What's Your Relationship With Your Hair?

31 Oct 2018

Complicated. I’m kind of surprised that I could Google one of the most traumatic images of my childhood, but there it is, the very same Johnson’s no more tangles® bottle I grew up stairing at every morning while my grandmother combed out my hair before putting it in two neat braids.

It hurt. At the end of every session, I would be crouched on the floor with her bowed equally awkardly over me, having chased me down there by inches every time I pulled away from her. And the whole time, staring me in the face was this loving young mother with her perfect silky hair and her equally silky haired child, mocking me. Because I had to hold the bottle in my hand so it would be nearby for liberal re-application.

One day I asked my grandmother why our mornings didn’t look like picture on the bottle of Johnson’s no more tangles®. “Because your squirm too much” she said. I had a feeling there were other differences between me and the beautific white child on the cover. To this day I wonder why she needed the stuff since she had hair just like a doll.

But if my hair was a problem with my white grandma, it was a blessing with my Mexican family, and just about everywhere else I went. It really was a shame about me, but my hair was so pretty. Yes, at least I had great hair.

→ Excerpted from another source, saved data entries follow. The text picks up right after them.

lemma sum_c_x_d_e_reindex:
  "(\<Sum>a<d. \<Sum>g<d. \<Sum>k<d. scalar (- c a g k) * (x_gen a * (d_gen g * e_gen k i))) =
   (\<Sum>a<d. \<Sum>g<d. \<Sum>k<d. scalar (c a g k) * (x_gen k * (d_gen g * e_gen a i)))"
proof -
  have "(\<Sum>a<d. \<Sum>g<d. \<Sum>k<d. scalar (c a g k) * (x_gen k * (d_gen g * e_gen a i)))
      = (\<Sum>m<d. \<Sum>g<d. \<Sum>a<d. scalar (- c a g m) * (x_gen a * (d_gen g * e_gen m i)))"
  proof (intro sum.cong refl)
    fix m g a assume "m \<in> {..<d}" "g \<in> {..<d}" "a \<in> {..<d}"
    then have "c m g a = - c a g m" using c_cyclic[of m g a] c_antisym[of g a m] by simp
    then show "scalar (c m g a) * (x_gen a * (d_gen g * e_gen m i))
        = scalar (- c a g m) * (x_gen a * (d_gen g * e_gen m i))" by simp
  qed
  also have "\<dots> = (\<Sum>a<d. \<Sum>g<d. \<Sum>m<d. scalar (- c a g m) * (x_gen a * (d_gen g * e_gen m i)))"
    by (rule sum_swap_13)
  finally show ?thesis by simp
qed

lemma bracket_x_img_y_img_same_congI:
  assumes i: "i \<in> {1..n}"
  shows "bracket (x_img i) (y_img i) + (\<Sum>j\<in>{1..n}-{i}. t_img i j) \<doteq> (\<Sum>\<alpha><d. e_gen \<alpha> i * Y \<alpha>)"
proof -
  have move_e: "e_gen a i * (scalar s * M) = scalar s * (M * e_gen a i + bracket (e_gen a i) M)"
    for a s M
    by (simp add: scalar_commute bracket_def)
  have "(\<Sum>\<alpha><d. e_gen \<alpha> i * Y \<alpha>) =
      (\<Sum>\<alpha><d. (\<Sum>\<gamma><d. \<Sum>k<d. scalar (c \<alpha> \<gamma> k) *
          (x_gen k * d_gen \<gamma> * e_gen \<alpha> i + bracket (e_gen \<alpha> i) (x_gen k * d_gen \<gamma>)))
        + (\<Sum>j\<in>{1..n}. e_gen \<alpha> i * e_gen \<alpha> j))"
    by (simp add: Y_def distrib_left sum_distrib_left move_e)
  moreover have "in_I (bracket (x_img i) (y_img i) + (\<Sum>j\<in>{1..n}-{i}. t_img i j) -
      (\<Sum>\<alpha><d. (\<Sum>\<gamma><d. \<Sum>k<d. scalar (c \<alpha> \<gamma> k) *
          (x_gen k * d_gen \<gamma> * e_gen \<alpha> i + bracket (e_gen \<alpha> i) (x_gen k * d_gen \<gamma>)))
        + (\<Sum>j\<in>{1..n}. e_gen \<alpha> i * e_gen \<alpha> j)))"
    using i
    apply -
    apply (rule in_I_if_congI_zero)
     apply (simp only: x_img_def y_img_def t_img_def bracket_linear bracket_mult_left,
        (simp only: bracket_expand)?)
     apply ((rule congI_reduce | assumption)+)[1]
    apply (simp add: normalise)
    apply (simp add: sum.distrib sum_c_x_d_e_reindex)
    by (rule sum_remove_swap) auto
  ultimately show ?thesis by (simp add: congI_def)
qed

lemma bracket_x_img_y_img_same:
  "i \<in> {1..n} \<Longrightarrow> in_J (bracket (x_img i) (y_img i) + (\<Sum>j\<in>{1..n}-{i}. t_img i j))"
  by (rule in_J_if_congI[OF bracket_x_img_y_img_same_congI]) (auto intro: in_J_sum in_J_mult_Y)

text \<open>
  sum_i x_i and sum_i y_i differ from the elements sum_a x_a Y_{e_a} and sum_a d_a Y_{e_a} of J
  by a term S with S + S in the relation ideal (by antisymmetry of c); halving puts S there too.
\<close>

lemma sum_x_img_in_J: "in_J (\<Sum>i\<in>{1..n}. x_img i)"
proof -
  define S where "S = (\<Sum>a<d. \<Sum>g<d. \<Sum>k<d. scalar (c a g k) * (x_gen a * (x_gen k * d_gen g)))"
  have Y_part: "in_J (\<Sum>a<d. x_gen a * Y a)" by (intro in_J_sum in_J_mult_Y) auto
  have "(\<Sum>a<d. x_gen a * Y a) = S + (\<Sum>a<d. \<Sum>i\<in>{1..n}. x_gen a * e_gen a i)"
    by (simp add: S_def Y_def distrib_left sum_distrib_left scalar_commute sum.distrib)
  then have sum_x_img: "(\<Sum>i\<in>{1..n}. x_img i) = (\<Sum>a<d. x_gen a * Y a) - S"
    unfolding x_img_def by (simp only: add_diff_cancel_left') (rule sum.swap)
  have S_swapped: "(\<Sum>a<d. \<Sum>g<d. \<Sum>k<d. scalar (c a g k) * (x_gen k * (x_gen a * d_gen g))) = - S"
  proof -
    have "(\<Sum>a<d. \<Sum>g<d. \<Sum>k<d. scalar (c a g k) * (x_gen k * (x_gen a * d_gen g)))
       = (\<Sum>k<d. \<Sum>g<d. \<Sum>a<d. scalar (c a g k) * (x_gen k * (x_gen a * d_gen g)))"
      by (rule sum_swap_13)
    also have "\<dots> = (\<Sum>k<d. \<Sum>g<d. \<Sum>a<d. - (scalar (c k g a) * (x_gen k * (x_gen a * d_gen g))))"
    proof (intro sum.cong refl)
      fix k g a assume "k \<in> {..<d}" "g \<in> {..<d}" "a \<in> {..<d}"
      then have "c a g k = - c k g a"
        using c_antisym_23[of a g k] c_cyclic[of a k g] c_cyclic[of k g a] by simp
      then show "scalar (c a g k) * (x_gen k * (x_gen a * d_gen g))
          = - (scalar (c k g a) * (x_gen k * (x_gen a * d_gen g)))"
        by (simp add: scalar_uminus)
    qed
    finally show ?thesis by (simp add: S_def sum_negf)
  qed

  have "S + S = S - (\<Sum>a<d. \<Sum>g<d. \<Sum>k<d. scalar (c a g k) * (x_gen k * (x_gen a * d_gen g)))"
    using S_swapped by simp
  also have "\<dots> = (\<Sum>a<d. \<Sum>g<d. \<Sum>k<d. scalar (c a g k) * (bracket (x_gen a) (x_gen k) * d_gen g))"
    by (simp add: S_def bracket_def sum_subtractf[symmetric] algebra_simps)
  finally have "in_I (S + S)"
    using bracket_x_x by (auto simp: congI_def intro!: in_I_sum in_I_scalar_mult in_I_mult_right)
  then have "in_I S" by (rule in_I_half)
  then show ?thesis unfolding sum_x_img by (intro in_J_diff Y_part in_J_if_in_I)
qed

lemma sum_c_bracket_d_x_in_I:
  "in_I (\<Sum>a<d. \<Sum>g<d. \<Sum>k<d. scalar (c a g k) * (bracket (d_gen a) (x_gen k) * d_gen g))"
  apply (rule in_I_if_congI_zero)
   apply ((rule congI_reduce | assumption)+)[1]
  apply (simp add: normalise)
  apply (rule sum.neutral)
  by (auto simp: c_diag)

lemma sum_y_img_in_J: "in_J (\<Sum>i\<in>{1..n}. y_img i)"
proof -
  define T where "T = (\<Sum>a<d. \<Sum>g<d. \<Sum>k<d. scalar (c a g k) * (d_gen a * (x_gen k * d_gen g)))"
  define U where "U = (\<Sum>a<d. \<Sum>g<d. \<Sum>k<d. scalar (c a g k) * (x_gen k * (d_gen a * d_gen g)))"
  define V where "V = (\<Sum>a<d. \<Sum>g<d. \<Sum>k<d. scalar (c a g k) * (bracket (d_gen a) (x_gen k) * d_gen g))"
  have Y_part: "in_J (\<Sum>a<d. d_gen a * Y a)" by (intro in_J_sum in_J_mult_Y) auto
  have "(\<Sum>a<d. d_gen a * Y a) = T + (\<Sum>a<d. \<Sum>i\<in>{1..n}. d_gen a * e_gen a i)"
    by (simp add: T_def Y_def distrib_left sum_distrib_left scalar_commute sum.distrib)
  moreover have "(\<Sum>i\<in>{1..n}. \<Sum>a<d. d_gen a * e_gen a i) = (\<Sum>a<d. \<Sum>i\<in>{1..n}. d_gen a * e_gen a i)"
    by (rule sum.swap)
  ultimately have sum_y_img: "(\<Sum>i\<in>{1..n}. y_img i) = T - (\<Sum>a<d. d_gen a * Y a)"
    unfolding y_img_def scalar_minus_one sum_negf by simp
  have "T = U + V"
    by (simp add: T_def U_def V_def bracket_def sum.distrib[symmetric] algebra_simps)
  have "in_I V"
    unfolding V_def by (rule sum_c_bracket_d_x_in_I)
  have U_swapped: "(\<Sum>a<d. \<Sum>g<d. \<Sum>k<d. scalar (c a g k) * (x_gen k * (d_gen g * d_gen a))) = - U"
  proof -
    have "(\<Sum>a<d. \<Sum>g<d. \<Sum>k<d. scalar (c a g k) * (x_gen k * (d_gen g * d_gen a)))
       = (\<Sum>g<d. \<Sum>a<d. \<Sum>k<d. scalar (c a g k) * (x_gen k * (d_gen g * d_gen a)))"
      by (rule sum.swap)
    also have "\<dots> = (\<Sum>g<d. \<Sum>a<d. \<Sum>k<d. - (scalar (c g a k) * (x_gen k * (d_gen g * d_gen a))))"
    proof (intro sum.cong refl)
      fix k g a assume "k \<in> {..<d}" "g \<in> {..<d}" "a \<in> {..<d}"
      then have "c a g k = - c g a k" using c_antisym[of a g k] by simp
      then show "scalar (c a g k) * (x_gen k * (d_gen g * d_gen a))
          = - (scalar (c g a k) * (x_gen k * (d_gen g * d_gen a)))"
        by (simp add: scalar_uminus)
    qed
    finally show ?thesis by (simp add: U_def sum_negf)
  qed

  have "U + U = U - (\<Sum>a<d. \<Sum>g<d. \<Sum>k<d. scalar (c a g k) * (x_gen k * (d_gen g * d_gen a)))"
    using U_swapped by simp
  also have "\<dots> = (\<Sum>a<d. \<Sum>g<d. \<Sum>k<d. scalar (c a g k) * (x_gen k * bracket (d_gen a) (d_gen g)))"
    by (simp add: U_def bracket_def sum_subtractf[symmetric] algebra_simps)
  finally have "in_I (U + U)"
    using bracket_d_d by (auto simp: congI_def intro!: in_I_sum in_I_scalar_mult in_I_mult_left)
  then have "in_I U" by (rule in_I_half)
  then have "in_I T" using \<open>in_I V\<close> \<open>T = U + V\<close> by (simp add: in_I_add)
  then show ?thesis unfolding sum_y_img by (intro in_J_diff Y_part in_J_if_in_I)
qed

definition gen_img :: "tgen \<Rightarrow> agen nc_series" where
  "gen_img v = (case v of TX i \<Rightarrow> x_img i | TY i \<Rightarrow> y_img i | TT i j \<Rightarrow> t_img i j)"

lemma gen_img_simps [simp]:
  "gen_img (TX i) = x_img i" "gen_img (TY i) = y_img i" "gen_img (TT i j) = t_img i j"
  by (simp_all add: gen_img_def)

lemma is_poly_eval_gen_img [simp]: "is_poly (nc_eval gen_img u)"
proof (rule is_poly_nc_eval)
  show "is_poly (gen_img v)" for v by (cases v) simp_all
qed

lemma gen_img_in_N: "v \<in> t_gens n \<Longrightarrow> in_N (gen_img v)"
  unfolding t_gens_def
  by (auto intro!: in_N_if_commutes_with_Y x_img_commutes_with_Y y_img_commutes_with_Y
      t_img_commutes_with_Y)

lemma eval_tL_in_N: "u \<in> tL n \<Longrightarrow> in_N (nc_eval gen_img u)"
proof -
  let ?K = "{u \<in> fa_fin. in_N (nc_eval gen_img u)}"
  have "lie_sub ?K"
    unfolding lie_sub_def fa_subspace_def
    by (auto simp: nc_eval_zero in_N_zero nc_eval_add nc_eval_smult nc_eval_br
        fa_fin_add fa_fin_smult fa_fin_br
        intro: in_N_add in_N_scalar_mult in_N_bracket fa_fin_zero)
  moreover have "fa_gen ` t_gens n \<subseteq> ?K"
    using gen_img_in_N by (auto simp: nc_eval_gen)
  ultimately have "tL n \<subseteq> ?K" by (rule tL_least)
  then show "u \<in> tL n \<Longrightarrow> in_N (nc_eval gen_img u)" by blast
qed

lemmas t_rels_images_in_I = t_img_sym t_img_braid t_img_commute_disjoint bracket_x_img_y_img
  x_img_commute y_img_commute x_img_t_img_commute y_img_t_img_commute
  x_img_sum_t_img_commute y_img_sum_t_img_commute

This was such an issue that at age 14, I shaved my head. If hair was all I had to recommend me to a world that otherwise hated me, I’d take it away from them because fuck them. Fuck heteropatriarchy and fuck the male gaze and fuck me for the fact that my only good quality could be obliterated by a dog gooming tool.

What I found was that I really enjoy shaving my head. Part of that I’ve come to recognize as being fairly tied to my non-binary gender identity. Another part of it has to do with the fact that there really is a lot of it and it’s difficult to care for and even physically heavy when I actually grow all of it out.

When I was younger, people told me that I would miss my hair (as if I’d literally just shaved it in the other room) or they asked me if I already missed it. They asked me if I thought I looked pretty in a tone that suggested I should absolutely not think I was pretty at all. They also thougt they were probably bringing up something I’d never throught about when they asked me if I thought boys would like it.

First of all, boys not liking it is kind of the point. Second of all boys still liked it. A lot. Third of all, boys who don’t like my shaved head are really not going to enjoy anything else I have to offer them, and it’s just easier to get that out of the way quickly.

Now that I’m older, people tend to feel like they should maybe leave me alone about it. From time to time people ask me if my husband likes it and depending on how pissed off I am about being asked that question, I either answer honestly or I answer _really _honestly.

Despite our rocky start, at this point in my life I really like my hair. I take care of it and it takes care of me. I enjoy that it’s starting to go grey. Based on my parents grey timeline, I wasn’t expecting grey hairs for a lot longer and I’m happy that they’ve showed up relatively early for someone in my family. I think I earned them.